» What you are asked to do
Using the listing below, please gather every line containing the word "intro".

--- START ---

(* Let $a,b,e\in\mathbb{R}$ with $b\ne0$, and let $\alpha_i(t)$ ($i=1,\dots,4$) be scalar continuous functions. (i) Suppose $b\alpha_1(t)+\alpha_3(t)$ is $2\pi/|b|$-periodic and odd, and $a(a+e)<0$. Then the solution $$x(t)=\sqrt{-a(a+e)}\sin\Big(bt+\int_0^t(b\alpha_1(s)+\alpha_3(s))ds\Big),\ y(t)=\sqrt{-a(a+e)}\cos\Big(bt+\int_0^t(b\alpha_1(s)+\alpha_3(s))ds\Big),\ z(t)=-a$$ of the system $$\begin{aligned}\dot x&=(ax+by+xz)(1+\alpha_1(t))+x(a+z)\alpha_2(t)+y\alpha_3(t),\\ \dot y&=(-bx+ay+yz)(1+\alpha_1(t))+y(a+z)\alpha_2(t)-x\alpha_3(t),\\ \dot z&=(ez-x^2-y^2-z^2)(1+\alpha_1(t)+\alpha_2(t))\end{aligned}$$ is $2\pi/|b|$-periodic (the period not necessarily minimal). (ii) Suppose $b\alpha_1(t)+\alpha_3(t)+a^4\alpha_4(t)$ is $2\pi/|b|$-periodic and odd. Then the solution $$x(t)=a\sin\Big(bt+\int_0^t(b\alpha_1(s)+\alpha_3(s)+a^4\alpha_4(s))ds\Big),\ y(t)=a\cos\Big(bt+\int_0^t(b\alpha_1(s)+\alpha_3(s)+a^4\alpha_4(s))ds\Big),\ z(t)=-a$$ of the system $$\begin{aligned}\dot x&=(ax+by+xz)(1+\alpha_1(t))+x(a+z)\alpha_2(t)+y\alpha_3(t)-y(x^2+y^2)(4az+x^2+y^2+2z^2)\alpha_4(t),\\ \dot y&=(-bx+ay+yz)(1+\alpha_1(t))+y(a+z)\alpha_2(t)-x\alpha_3(t)+x(x^2+y^2)(4az+x^2+y^2+2z^2)\alpha_4(t),\\ \dot z&=-(2az+x^2+y^2+z^2)(1+\alpha_1(t)+\alpha_2(t))\end{aligned}$$ is $2\pi/|b|$-periodic (the period not necessarily minimal). *)

theory Defs
  imports "HOL-Analysis.Analysis"
begin

definition oint0 :: "(real \<Rightarrow> real) \<Rightarrow> real \<Rightarrow> real" where
  "oint0 g t = (if 0 \<le> t then integral {0..t} g else - integral {t..0} g)"

definition periodic_with :: "real \<Rightarrow> (real \<Rightarrow> 'a) \<Rightarrow> bool" where
  "periodic_with T f \<longleftrightarrow> (\<forall>t. f (t + T) = f t)"

definition odd_fun :: "(real \<Rightarrow> real) \<Rightarrow> bool" where
  "odd_fun g \<longleftrightarrow> (\<forall>t. g (- t) = - g t)"

end

theory Submission
  imports Defs
begin

text \<open>With \<open>g = b \<alpha>1 + \<alpha>3\<close> (resp. \<open>g = b \<alpha>1 + \<alpha>3 + a\<^sup>4 \<alpha>4\<close>), on the circle
  \<open>x\<^sup>2 + y\<^sup>2 = r\<^sup>2\<close> in the plane \<open>z = -a\<close> the vector field reduces to the rotation
  \<open>(x, y)' = (b + g t) (y, -x)\<close> and its \<open>z\<close>-component vanishes. Hence \<open>x = r sin \<theta>\<close>,
  \<open>y = r cos \<theta>\<close>, \<open>z = -a\<close> is a solution as soon as \<open>\<theta>' = b + g\<close>. Since \<open>g\<close> is odd and
  \<open>T\<close>-periodic with \<open>T = 2\<pi>/|b|\<close>, its integral over any period vanishes, so
  \<open>\<theta> (t + T) = \<theta> t \<plusminus> 2\<pi>\<close> and the solution is \<open>T\<close>-periodic.\<close>

lemma oint0_eq_integral_diff:
  assumes g: "continuous_on UNIV g" and "c \<le> 0" "c \<le> t"
  shows "oint0 g t = integral {c..t} g - integral {c..0} g"
proof -
  have int: "g integrable_on {u..v}" for u v
    using g by (meson continuous_on_subset integrable_continuous_real subset_UNIV)
  show ?thesis
  proof (cases "0 \<le> t")
    case True
    then have "integral {c..0} g + integral {0..t} g = integral {c..t} g"
      using Henstock_Kurzweil_Integration.integral_combine[of c 0 t g] assms int by auto
    with True show ?thesis by (simp add: oint0_def)
  next
    case False
    then have "integral {c..t} g + integral {t..0} g = integral {c..0} g"
      using Henstock_Kurzweil_Integration.integral_combine[of c t 0 g] assms int by auto
    with False show ?thesis by (simp add: oint0_def)
  qed
qed

lemma oint0_has_real_derivative:
  assumes g: "continuous_on UNIV g"
  shows "(oint0 g has_real_derivative g t) (at t)"
proof -
  define c where "c = - \<bar>t\<bar> - 1"
  have c: "c < t" "c \<le> 0" unfolding c_def by auto
  have "((\<lambda>s. integral {c..s} g) has_real_derivative g t) (at t within {c..t + 1})"
    using integral_has_real_derivative[of c "t + 1" g t] g c continuous_on_subset by force
  then have "((\<lambda>s. integral {c..s} g) has_real_derivative g t) (at t)"
    using at_within_Icc_at[of c t "t + 1"] c by simp
  then have "((\<lambda>s. integral {c..s} g - integral {c..0} g) has_real_derivative g t) (at t)"
    by (rule DERIV_diff[OF _ DERIV_const, simplified])
  then show ?thesis
    by (rule has_field_derivative_transform_within_open[of _ _ _ "{c<..}"])
       (use c oint0_eq_integral_diff[OF g] in auto)
qed

lemma oint0_even:
  assumes g: "continuous_on UNIV g" and "odd_fun g"
  shows "oint0 g (- t) = oint0 g t"
proof -
  have "((\<lambda>s. oint0 g (- s) - oint0 g s) has_real_derivative 0) (at s)" for s
    using DERIV_diff[OF DERIV_chain2[OF oint0_has_real_derivative[OF g] DERIV_minus[OF DERIV_ident]]
        oint0_has_real_derivative[OF g]] \<open>odd_fun g\<close>
    by (simp add: odd_fun_def)
  then have "oint0 g (- t) - oint0 g t = oint0 g (- 0) - oint0 g 0"
    by (intro DERIV_isconst_all) blast
  then show ?thesis by simp
qed

text \<open>The increment \<open>oint0 g (t + T) - oint0 g t\<close> is constant because \<open>g\<close> is
  \<open>T\<close>-periodic, and it vanishes at \<open>t = -T/2\<close> because \<open>oint0 g\<close> is even.\<close>

lemma oint0_periodic:
  assumes g: "continuous_on UNIV g" and "odd_fun g" and "periodic_with T g"
  shows "periodic_with T (oint0 g)"
  unfolding periodic_with_def
proof
  fix t
  have "((\<lambda>s. oint0 g (s + T) - oint0 g s) has_real_derivative 0) (at s)" for s
    using DERIV_diff[OF DERIV_chain2[OF oint0_has_real_derivative[OF g]
          DERIV_add[OF DERIV_ident DERIV_const[where k = T]]] oint0_has_real_derivative[OF g]]
        \<open>periodic_with T g\<close>
    by (simp add: periodic_with_def)
  then have "oint0 g (t + T) - oint0 g t = oint0 g (- (T / 2) + T) - oint0 g (- (T / 2))"
    by (intro DERIV_isconst_all) blast
  also have "\<dots> = 0"
    using oint0_even[OF assms(1,2), of "T / 2"] by simp
  finally show "oint0 g (t + T) = oint0 g t" by simp
qed

lemma periodic_with_phase:
  fixes b :: real
  assumes "b \<noteq> 0" and h: "periodic_with (2 * pi / \<bar>b\<bar>) h" and f: "\<And>u. f (u + 2 * pi) = f u"
  shows "periodic_with (2 * pi / \<bar>b\<bar>) (\<lambda>t. f (b * t + h t))"
  unfolding periodic_with_def
proof
  fix t
  have "f (u - 2 * pi) = f u" for u
    using f[of "u - 2 * pi"] by simp
  moreover have "b * (t + 2 * pi / \<bar>b\<bar>) + h (t + 2 * pi / \<bar>b\<bar>)
      = b * t + h t + (if b > 0 then 2 * pi else - 2 * pi)"
    using h \<open>b \<noteq> 0\<close> by (auto simp: periodic_with_def field_simps)
  ultimately show "f (b * (t + 2 * pi / \<bar>b\<bar>) + h (t + 2 * pi / \<bar>b\<bar>)) = f (b * t + h t)"
    using f by simp
qed

lemma circular_solution_periodic:
  fixes b c r :: real and g :: "real \<Rightarrow> real"
    and Fx Fy Fz :: "real \<Rightarrow> real \<Rightarrow> real \<Rightarrow> real \<Rightarrow> real"
  assumes "b \<noteq> 0" and g: "continuous_on UNIV g" "periodic_with (2 * pi / \<bar>b\<bar>) g" "odd_fun g"
    and Fx: "\<And>t x y. x\<^sup>2 + y\<^sup>2 = r\<^sup>2 \<Longrightarrow> Fx t x y c = y * (b + g t)"
    and Fy: "\<And>t x y. x\<^sup>2 + y\<^sup>2 = r\<^sup>2 \<Longrightarrow> Fy t x y c = - x * (b + g t)"
    and Fz: "\<And>t x y. x\<^sup>2 + y\<^sup>2 = r\<^sup>2 \<Longrightarrow> Fz t x y c = 0"
  shows "let \<theta> = (\<lambda>t. b * t + oint0 g t);
             x = (\<lambda>t. r * sin (\<theta> t));
             y = (\<lambda>t. r * cos (\<theta> t));
             z = (\<lambda>t. c)
         in (\<forall>t. (x has_real_derivative Fx t (x t) (y t) (z t)) (at t)
                \<and> (y has_real_derivative Fy t (x t) (y t) (z t)) (at t)
                \<and> (z has_real_derivative Fz t (x t) (y t) (z t)) (at t))
            \<and> periodic_with (2 * pi / \<bar>b\<bar>) x
            \<and> periodic_with (2 * pi / \<bar>b\<bar>) y
            \<and> periodic_with (2 * pi / \<bar>b\<bar>) z"
  unfolding Let_def
proof (intro conjI allI)
  fix t
  define \<theta> where "\<theta> = (\<lambda>t. b * t + oint0 g t)"
  have circle: "(r * sin (\<theta> t))\<^sup>2 + (r * cos (\<theta> t))\<^sup>2 = r\<^sup>2"
    by (simp add: power_mult_distrib flip: distrib_left)
  have \<theta>': "(\<theta> has_real_derivative b + g t) (at t)"
    unfolding \<theta>_def by (intro derivative_intros oint0_has_real_derivative g) simp
  show "((\<lambda>t. r * sin (b * t + oint0 g t)) has_real_derivative
      Fx t (r * sin (b * t + oint0 g t)) (r * cos (b * t + oint0 g t)) c) (at t)"
    using DERIV_cmult[OF DERIV_chain2[OF DERIV_sin \<theta>'], of r] Fx[OF circle]
    by (simp add: \<theta>_def mult.assoc)
  show "((\<lambda>t. r * cos (b * t + oint0 g t)) has_real_derivative
      Fy t (r * sin (b * t + oint0 g t)) (r * cos (b * t + oint0 g t)) c) (at t)"
    using DERIV_cmult[OF DERIV_chain2[OF DERIV_cos \<theta>'], of r] Fy[OF circle]
    by (simp add: \<theta>_def mult.assoc)
  show "((\<lambda>t. c) has_real_derivative
      Fz t (r * sin (b * t + oint0 g t)) (r * cos (b * t + oint0 g t)) c) (at t)"
    using Fz[OF circle] by (simp add: \<theta>_def)
next
  have "periodic_with (2 * pi / \<bar>b\<bar>) (oint0 g)"
    using oint0_periodic g by blast
  then show "periodic_with (2 * pi / \<bar>b\<bar>) (\<lambda>t. r * sin (b * t + oint0 g t))"
    and "periodic_with (2 * pi / \<bar>b\<bar>) (\<lambda>t. r * cos (b * t + oint0 g t))"
    by (auto intro!: periodic_with_phase[OF \<open>b \<noteq> 0\<close>])
  show "periodic_with (2 * pi / \<bar>b\<bar>) (\<lambda>t. c)"
    by (simp add: periodic_with_def)
qed

theorem proposition1:
  fixes a b e :: real and \<alpha>1 \<alpha>2 \<alpha>3 \<alpha>4 :: "real \<Rightarrow> real"
  assumes "b \<noteq> 0"
    and "continuous_on UNIV \<alpha>1" and "continuous_on UNIV \<alpha>2"
    and "continuous_on UNIV \<alpha>3" and "continuous_on UNIV \<alpha>4"
  shows
   "(periodic_with (2 * pi / \<bar>b\<bar>) (\<lambda>t. b * \<alpha>1 t + \<alpha>3 t)
       \<and> odd_fun (\<lambda>t. b * \<alpha>1 t + \<alpha>3 t) \<and> a * (a + e) < 0 \<longrightarrow>
     (let \<theta> = (\<lambda>t. b * t + oint0 (\<lambda>s. b * \<alpha>1 s + \<alpha>3 s) t);
          x = (\<lambda>t. sqrt (- a * (a + e)) * sin (\<theta> t));
          y = (\<lambda>t. sqrt (- a * (a + e)) * cos (\<theta> t));
          z = (\<lambda>t. - a)
      in (\<forall>t.
            (x has_real_derivative
               ((a * x t + b * y t + x t * z t) * (1 + \<alpha>1 t) + x t * (a + z t) * \<alpha>2 t
                + y t * \<alpha>3 t)) (at t)
          \<and> (y has_real_derivative
               ((- b * x t + a * y t + y t * z t) * (1 + \<alpha>1 t) + y t * (a + z t) * \<alpha>2 t
                - x t * \<alpha>3 t)) (at t)
          \<and> (z has_real_derivative
               ((e * z t - (x t)\<^sup>2 - (y t)\<^sup>2 - (z t)\<^sup>2) * (1 + \<alpha>1 t + \<alpha>2 t))) (at t))
         \<and> periodic_with (2 * pi / \<bar>b\<bar>) x
         \<and> periodic_with (2 * pi / \<bar>b\<bar>) y
         \<and> periodic_with (2 * pi / \<bar>b\<bar>) z))
   \<and>
   (periodic_with (2 * pi / \<bar>b\<bar>) (\<lambda>t. b * \<alpha>1 t + \<alpha>3 t + a ^ 4 * \<alpha>4 t)
       \<and> odd_fun (\<lambda>t. b * \<alpha>1 t + \<alpha>3 t + a ^ 4 * \<alpha>4 t) \<longrightarrow>
     (let \<theta> = (\<lambda>t. b * t + oint0 (\<lambda>s. b * \<alpha>1 s + \<alpha>3 s + a ^ 4 * \<alpha>4 s) t);
          x = (\<lambda>t. a * sin (\<theta> t));
          y = (\<lambda>t. a * cos (\<theta> t));
          z = (\<lambda>t. - a)
      in (\<forall>t.
            (x has_real_derivative
               ((a * x t + b * y t + x t * z t) * (1 + \<alpha>1 t) + x t * (a + z t) * \<alpha>2 t
                + y t * \<alpha>3 t
                - y t * ((x t)\<^sup>2 + (y t)\<^sup>2) * (4 * a * z t + (x t)\<^sup>2 + (y t)\<^sup>2 + 2 * (z t)\<^sup>2)
                  * \<alpha>4 t)) (at t)
          \<and> (y has_real_derivative
               ((- b * x t + a * y t + y t * z t) * (1 + \<alpha>1 t) + y t * (a + z t) * \<alpha>2 t
                - x t * \<alpha>3 t
                + x t * ((x t)\<^sup>2 + (y t)\<^sup>2) * (4 * a * z t + (x t)\<^sup>2 + (y t)\<^sup>2 + 2 * (z t)\<^sup>2)
                  * \<alpha>4 t)) (at t)
          \<and> (z has_real_derivative
               (- (2 * a * z t + (x t)\<^sup>2 + (y t)\<^sup>2 + (z t)\<^sup>2) * (1 + \<alpha>1 t + \<alpha>2 t))) (at t))
         \<and> periodic_with (2 * pi / \<bar>b\<bar>) x
         \<and> periodic_with (2 * pi / \<bar>b\<bar>) y
         \<and> periodic_with (2 * pi / \<bar>b\<bar>) z))"
proof (intro conjI impI, goal_cases)
  case 1
  then have g: "periodic_with (2 * pi / \<bar>b\<bar>) (\<lambda>t. b * \<alpha>1 t + \<alpha>3 t)"
    "odd_fun (\<lambda>t. b * \<alpha>1 t + \<alpha>3 t)" and r: "(sqrt (- a * (a + e)))\<^sup>2 = - a * (a + e)"
    by auto
  show ?case
    by (rule circular_solution_periodic[where
          Fx = "\<lambda>t x y z. (a * x + b * y + x * z) * (1 + \<alpha>1 t) + x * (a + z) * \<alpha>2 t + y * \<alpha>3 t" and
          Fy = "\<lambda>t x y z. (- b * x + a * y + y * z) * (1 + \<alpha>1 t) + y * (a + z) * \<alpha>2 t - x * \<alpha>3 t" and
          Fz = "\<lambda>t x y z. (e * z - x\<^sup>2 - y\<^sup>2 - z\<^sup>2) * (1 + \<alpha>1 t + \<alpha>2 t)"])
       (intro continuous_intros assms g | (simp only: r, algebra) | simp add: algebra_simps)+
next
  case 2
  then have g: "periodic_with (2 * pi / \<bar>b\<bar>) (\<lambda>t. b * \<alpha>1 t + \<alpha>3 t + a ^ 4 * \<alpha>4 t)"
    "odd_fun (\<lambda>t. b * \<alpha>1 t + \<alpha>3 t + a ^ 4 * \<alpha>4 t)"
    by auto
  show ?case
    by (rule circular_solution_periodic[where
          Fx = "\<lambda>t x y z. (a * x + b * y + x * z) * (1 + \<alpha>1 t) + x * (a + z) * \<alpha>2 t + y * \<alpha>3 t
            - y * (x\<^sup>2 + y\<^sup>2) * (4 * a * z + x\<^sup>2 + y\<^sup>2 + 2 * z\<^sup>2) * \<alpha>4 t" and
          Fy = "\<lambda>t x y z. (- b * x + a * y + y * z) * (1 + \<alpha>1 t) + y * (a + z) * \<alpha>2 t - x * \<alpha>3 t
            + x * (x\<^sup>2 + y\<^sup>2) * (4 * a * z + x\<^sup>2 + y\<^sup>2 + 2 * z\<^sup>2) * \<alpha>4 t" and
          Fz = "\<lambda>t x y z. - (2 * a * z + x\<^sup>2 + y\<^sup>2 + z\<^sup>2) * (1 + \<alpha>1 t + \<alpha>2 t)"])
       (intro continuous_intros assms g | algebra)+
qed

end
(* For any $d\in\mathbb{Z}_{\ge0}$ and $\varepsilon\in(0,1/2)$, there are $\rho_0,\dots,\rho_d\in[0,1-\varepsilon]$ and $c_0,\dots,c_d\in\mathbb{R}$ such that: (1) $\sum_{j=0}^dc_j\rho_j^k=1$ for $k=0,1,\dots,d$; (2) $0\le\sum_{j=0}^dc_j\rho_j^k\le1$ for all integers $k\ge d+1$; (3) $\sum_{j=0}^d|c_j|\le 2^{O(d\sqrt{\varepsilon})}$, where the implied constant is absolute. *)

theory Defs
  imports Complex_Main
begin

end

theory Submission
  imports Defs "HOL-Computational_Algebra.Polynomial"
begin

(* Take for the nodes \<rho>_j the extrema cos(j pi/d) of the Chebyshev polynomial T_d, moved
   affinely from [-1,1] onto [0,1-\<epsilon>], and let c_j be the Lagrange basis polynomials of these
   nodes evaluated at 1. Exactness of interpolation on polynomials of degree at most d gives (1).
   The moments a_k = sum c_j \<rho>_j^k satisfy a_k - a_(k+1) = prod_j (1 - \<rho>_j) [\<rho>_0,...,\<rho>_d] x^k,
   and a divided difference of a monomial at nonnegative nodes is nonnegative; so a_k decreases
   from a_d = 1 to its limit 0, which is (2). Since T_d alternates in sign at its extrema,
   |c_j| = (-1)^j c_j, so sum |c_j| is the value at 1 of the interpolant of the rescaled T_d,
   namely T_d(2/(1-\<epsilon>) - 1) = cosh (d arcosh (1 + O(\<epsilon>))) = exp (O(d sqrt \<epsilon>)), which is (3). *)

definition lagrange_basis :: "(nat \<Rightarrow> real) \<Rightarrow> nat set \<Rightarrow> real \<Rightarrow> nat \<Rightarrow> real" where
  "lagrange_basis \<rho> I x j = (\<Prod>i\<in>I-{j}. (x - \<rho> i)) / (\<Prod>i\<in>I-{j}. (\<rho> j - \<rho> i))"

definition interpolant :: "(nat \<Rightarrow> real) \<Rightarrow> nat set \<Rightarrow> (nat \<Rightarrow> real) \<Rightarrow> real poly" where
  "interpolant \<rho> I y =
     (\<Sum>j\<in>I. smult (y j / (\<Prod>i\<in>I-{j}. (\<rho> j - \<rho> i))) (\<Prod>i\<in>I-{j}. [:- \<rho> i, 1:]))"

--- END ---

» Output for this exercise
    by (intro DERIV_isconst_all) blast
    by (intro DERIV_isconst_all) blast
proof (intro conjI allI)
    unfolding \<theta>_def by (intro derivative_intros oint0_has_real_derivative g) simp
    by (auto intro!: periodic_with_phase[OF \<open>b \<noteq> 0\<close>])
proof (intro conjI impI, goal_cases)
       (intro continuous_intros assms g | (simp only: r, algebra) | simp add: algebra_simps)+
       (intro continuous_intros assms g | algebra)+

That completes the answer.